In time course experiments, 90 +/- 1.9% of PMNs formed mixed conjugates with platelets after 2 min and the mean (+/- SEM) number of platelets per positive PMN was 8.4 +/- 1.5. A monoclonal antibody to P-selectin reduced the percentage of PMNs with attached platelets to 16 +/- 2.4% (P = 0.001), and only 8 +/- 5% of PMNs interacted with platelets from P-selectin-/- mice. In contrast, monoclonal antibodies to PSGL-1, beta2-integrin, and alphaIIbbeta3 had much less or no effect on the production of mixed cell aggregates. To better identify a secondary contribution of beta2-integrins, P-selectin interactions were disrupted by briefly adding 5 mm EGTA to already-formed mixed cell aggregates. Brief EGTA treatment alone reduced the percentage of PMNs with attached platelets to 70 +/- 3.5% (P = 0.004 vs. no treatment), but did not modify the number of platelets per positive PMN (9.5 +/- 1.7). The combination of brief EGTA treatment and a monoclonal antibody to beta2-integrin lowered the percentage of PMN with attached platelets to 50 +/- 7% and reduced the number of platelets attached per positive PMN to 3.6 +/- 0.7 (P = 0.03 vs. brief EGTA treatment only). Brief EGTA treatment did not modify the effect of the other antibodies. When the incubation was stopped with EGTA the Src inhibitors PP1 and PP2 reduced PMN-platelet adhesion, while the inactive analog PP3 was ineffective.
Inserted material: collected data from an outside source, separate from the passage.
lemma sets_no_induced_entry[measurable]:
  assumes [measurable]: "U \<in> sets M" "B \<in> sets M" shows "no_induced_entry U B n \<in> sets M"
  unfolding no_induced_entry_def by measurable

lemma measure_hit_le:
  assumes [measurable]: "B \<in> sets M" and "finite J"
  shows "measure M {x\<in>space M. \<exists>j\<in>J. (T ^^ j) x \<in> B} \<le> real (card J) * measure M B"
proof -
  have "{x\<in>space M. \<exists>j\<in>J. (T ^^ j) x \<in> B} = (\<Union>j\<in>J. {x\<in>space M. (T ^^ j) x \<in> B})" by auto
  then have "measure M {x\<in>space M. \<exists>j\<in>J. (T ^^ j) x \<in> B}
      \<le> (\<Sum>j\<in>J. measure M {x\<in>space M. (T ^^ j) x \<in> B})"
    using \<open>finite J\<close> by (auto intro!: measure_UNION_le)
  then show ?thesis by (simp add: measure_funpow_preimage)
qed

lemma measure_no_entry_le:
  assumes B[measurable]: "B \<in> sets M" and "m \<le> m'"
  shows "measure M (no_entry B m) \<le> measure M (no_entry B m') + real (m' - m) * measure M B"
proof -
  let ?H = "{x\<in>space M. \<exists>j\<in>{m<..m'}. (T ^^ j) x \<in> B}"
  have "no_entry B m \<subseteq> no_entry B m' \<union> ?H"
    unfolding no_entry_def by (auto simp: not_le)
  then have "measure M (no_entry B m) \<le> measure M (no_entry B m' \<union> ?H)"
    by (intro finite_measure_mono) auto
  also have "\<dots> \<le> measure M (no_entry B m') + measure M ?H"
    by (intro measure_Un_le) auto
  finally show ?thesis using measure_hit_le[OF B, of "{m<..m'}"] by simp
qed

lemma visits_before_first_return:
  assumes "1 \<le> r" "(T ^^ r) x \<in> U" "\<And>j. 1 \<le> j \<Longrightarrow> j < r \<Longrightarrow> (T ^^ j) x \<notin> U" "j \<le> r"
  shows "visits U j (T x) = of_bool (j = r)"
proof -
  have "(T ^^ i) (T x) \<in> U \<longleftrightarrow> i = r - 1" if "i < j" for i
  proof -
    have "(T ^^ i) (T x) = (T ^^ Suc i) x" by (simp add: funpow_swap1)
    then show ?thesis using assms(3)[of "Suc i"] assms(1,2,4) that by (cases "Suc i = r") auto
  qed
  then have "visits U j (T x) = (\<Sum>i<j. if i = r - 1 then 1 else 0)"
    unfolding visits_def by (intro sum.cong) (auto simp: indicator_def)
  then show ?thesis using assms(1,4) by auto
qed

text \<open>\<open>visits U m (T x)\<close> counts the returns to \<open>U\<close> at times \<open>1, \<dots>, m\<close>.\<close>
lemma no_entry_iff_no_induced_entry:
  assumes "B \<subseteq> U" and "\<forall>n. \<exists>j>n. (T ^^ j) x \<in> U"
  shows "(\<forall>j\<in>{1..m}. (T ^^ j) x \<notin> B) \<longleftrightarrow>
    (\<forall>k. 1 \<le> k \<and> real k \<le> visits U m (T x) \<longrightarrow> (induced_map T U ^^ k) x \<notin> B)"
  using assms(2)
proof (induction m arbitrary: x rule: less_induct)
  case (less m x)
  have "\<exists>j. j \<ge> 1 \<and> (T ^^ j) x \<in> U" using less.prems[rule_format, of 0] by (auto simp: Suc_le_eq)
  define r where "r = (LEAST j. j \<ge> 1 \<and> (T ^^ j) x \<in> U)"
  have r: "r \<ge> 1" "(T ^^ r) x \<in> U" using LeastI_ex[OF \<open>\<exists>j. _\<close>] unfolding r_def by auto
  have before_r: "(T ^^ j) x \<notin> U" if "1 \<le> j" "j < r" for j
    using not_less_Least[of j "\<lambda>j. j \<ge> 1 \<and> (T ^^ j) x \<in> U"] that unfolding r_def by blast
  define y where "y = (T ^^ r) x"
  have induced_x: "induced_map T U x = y"
    using \<open>\<exists>j. _\<close> unfolding induced_map_def entry_time_def r_def y_def by auto
  have shift: "(T ^^ (j - r)) y = (T ^^ j) x" if "r \<le> j" for j
    using that by (simp add: y_def flip: funpow_add comp_apply[of "T ^^ _" "T ^^ _"])
  show ?case
  proof (cases "m < r")
    case True
    then show ?thesis
      using visits_before_first_return[OF r before_r, of m] before_r \<open>B \<subseteq> U\<close> by auto
  next
    case False
    have "\<forall>n. \<exists>j>n. (T ^^ j) y \<in> U"
    proof
      fix n
      obtain j where "j > n + r" "(T ^^ j) x \<in> U" using less.prems by blast
      then show "\<exists>j>n. (T ^^ j) y \<in> U" using shift[of j] by (intro exI[of _ "j - r"]) auto
    qed
    then have IH: "(\<forall>j\<in>{1..m - r}. (T ^^ j) y \<notin> B) \<longleftrightarrow>
      (\<forall>k. 1 \<le> k \<and> real k \<le> visits U (m - r) (T y) \<longrightarrow> (induced_map T U ^^ k) y \<notin> B)"
      using less.IH[of "m - r" y] r False by simp
    have "visits U m (T x) = visits U r (T x) + visits U (m - r) ((T ^^ r) (T x))"
      using visits_add[of U r "m - r" "T x"] False by simp
    then have "visits U m (T x) = 1 + visits U (m - r) (T y)"
      using visits_before_first_return[OF r before_r, of r] by (simp add: y_def funpow_swap1)
    then have "(\<forall>k. 1 \<le> k \<and> real k \<le> visits U m (T x) \<longrightarrow> (induced_map T U ^^ k) x \<notin> B) \<longleftrightarrow>
      y \<notin> B \<and> (\<forall>k. 1 \<le> k \<and> real k \<le> visits U (m - r) (T y) \<longrightarrow> (induced_map T U ^^ k) y \<notin> B)"
      using orbit_avoids_iff_first_step_and_shifted[of "visits U (m - r) (T y)" "induced_map T U" x B]
        visits_nonneg induced_x by simp
    moreover have "(\<forall>j\<in>{1..m}. (T ^^ j) x \<notin> B) \<longleftrightarrow> y \<notin> B \<and> (\<forall>j\<in>{1..m - r}. (T ^^ j) y \<notin> B)"
      using orbit_avoids_iff_split_at_first_return[OF \<open>B \<subseteq> U\<close> r(1) _ before_r] False
      unfolding y_def by simp
    ultimately show ?thesis using IH by blast
  qed
qed

lemma measure_no_entry_le_no_induced_entry:
  assumes U[measurable]: "U \<in> sets M" and B[measurable]: "B \<in> sets M" and "B \<subseteq> U"
    and "measure M U > 0"
  shows "measure M (U \<inter> no_entry B m)
    \<le> measure M (no_induced_entry U B n) + measure M {x\<in>space M. visits U m (T x) < real n}"
proof -
  have "AE x in M. x \<in> U \<inter> no_entry B m \<longrightarrow>
      x \<in> no_induced_entry U B n \<union> {x\<in>space M. visits U m (T x) < real n}"
    using AE_visits_infinitely_often[OF U \<open>measure M U > 0\<close>]
  proof eventually_elim
    case (elim x)
    then show ?case
      using no_entry_iff_no_induced_entry[OF \<open>B \<subseteq> U\<close> elim, of m]
      unfolding no_entry_def no_induced_entry_def by (auto simp: not_less)
  qed
  then have "measure M (U \<inter> no_entry B m)
      \<le> measure M (no_induced_entry U B n \<union> {x\<in>space M. visits U m (T x) < real n})"
    by (intro finite_measure_mono_AE) auto
  also have "\<dots> \<le> measure M (no_induced_entry U B n) + measure M {x\<in>space M. visits U m (T x) < real n}"
    by (intro measure_Un_le) auto
  finally show ?thesis .
qed

lemma measure_no_induced_entry_le_no_entry:
  assumes U[measurable]: "U \<in> sets M" and B[measurable]: "B \<in> sets M" and "B \<subseteq> U"
    and "measure M U > 0"
  shows "measure M (no_induced_entry U B n)
    \<le> measure M (U \<inter> no_entry B m) + measure M {x\<in>space M. real n < visits U m (T x)}"
proof -
  have "AE x in M. x \<in> no_induced_entry U B n \<longrightarrow>
      x \<in> (U \<inter> no_entry B m) \<union> {x\<in>space M. real n < visits U m (T x)}"
    using AE_visits_infinitely_often[OF U \<open>measure M U > 0\<close>] AE_space
  proof eventually_elim
    case (elim x)
    then show ?case
      using no_entry_iff_no_induced_entry[OF \<open>B \<subseteq> U\<close> elim(1), of m]
      unfolding no_entry_def no_induced_entry_def by (force simp: not_less)
  qed
  then have "measure M (no_induced_entry U B n)
      \<le> measure M ((U \<inter> no_entry B m) \<union> {x\<in>space M. real n < visits U m (T x)})"
    by (intro finite_measure_mono_AE) auto
  also have "\<dots> \<le> measure M (U \<inter> no_entry B m) + measure M {x\<in>space M. real n < visits U m (T x)}"
    by (intro measure_Un_le) auto
  finally show ?thesis .
qed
These results confirm that P-selectin plays a prominent role in mediating the initial interactions between mouse PMN and platelets, and provide support for additional contributions from beta2-integrins and Src family kinases.
人类多形核白细胞(PMN)与活化的人类血小板的初始相互作用由P-选择素及其白细胞配体PSGL-1介导;随后,通过Src激酶介导的蛋白酪氨酸磷酸化激活αMβ2以及活化的αMβ2与其血小板反受体的结合,这种相互作用得以加强。
由于正在使用小鼠模型来确定PMN-血小板相互作用在血栓形成和对血管损伤的反应中的作用,我们研究了负责小鼠PMN与活化小鼠血小板相互作用的分子决定因素。
用绿色荧光染料BCECF标记小鼠血小板,然后用凝血酶激活并用1%多聚甲醛固定。用红色荧光染料氢乙锭标记小鼠PMN,然后与固定的血小板搅拌。在用多聚甲醛终止反应后,通过流式细胞术分析混合细胞共轭物的形成。
在时间进程实验中,90±1.9%的PMN在2分钟后与血小板形成混合共轭物,每个阳性PMN的血小板平均(±SEM)数为8.4±1.5。一种针对P-选择素的单克隆抗体将附着血小板的PMN百分比降低到16±2.4%(P = 0.001),只有8±5%的PMN与来自P-选择素基因敲除小鼠的血小板相互作用。相比之下,针对PSGL-1、β2整合素和αIIbβ3的单克隆抗体对混合细胞聚集体的产生影响小得多或没有影响。为了更好地确定β2整合素的次要作用,通过向已经形成的混合细胞聚集体中短暂添加5 mM EGTA来破坏P-选择素相互作用。单独短暂的EGTA处理将附着血小板的PMN百分比降低到70±3.5%(与未处理相比,P = 0.004),但没有改变每个阳性PMN的血小板数量(9.5±1.7)。短暂的EGTA处理和一种针对β2整合素的单克隆抗体的组合将附着血小板的PMN百分比降低到50±7%,并将每个阳性PMN附着的血小板数量减少到3.6±0.7(与仅短暂的EGTA处理相比,P = 0.03)。短暂的EGTA处理没有改变其他抗体的作用。当用EGTA终止孵育时,Src抑制剂PP1和PP2降低了PMN-血小板的粘附,而无活性的类似物PP3无效。
这些结果证实P-选择素在介导小鼠PMN与血小板之间的初始相互作用中起重要作用,并为β2整合素和Src家族激酶的额外作用提供了支持。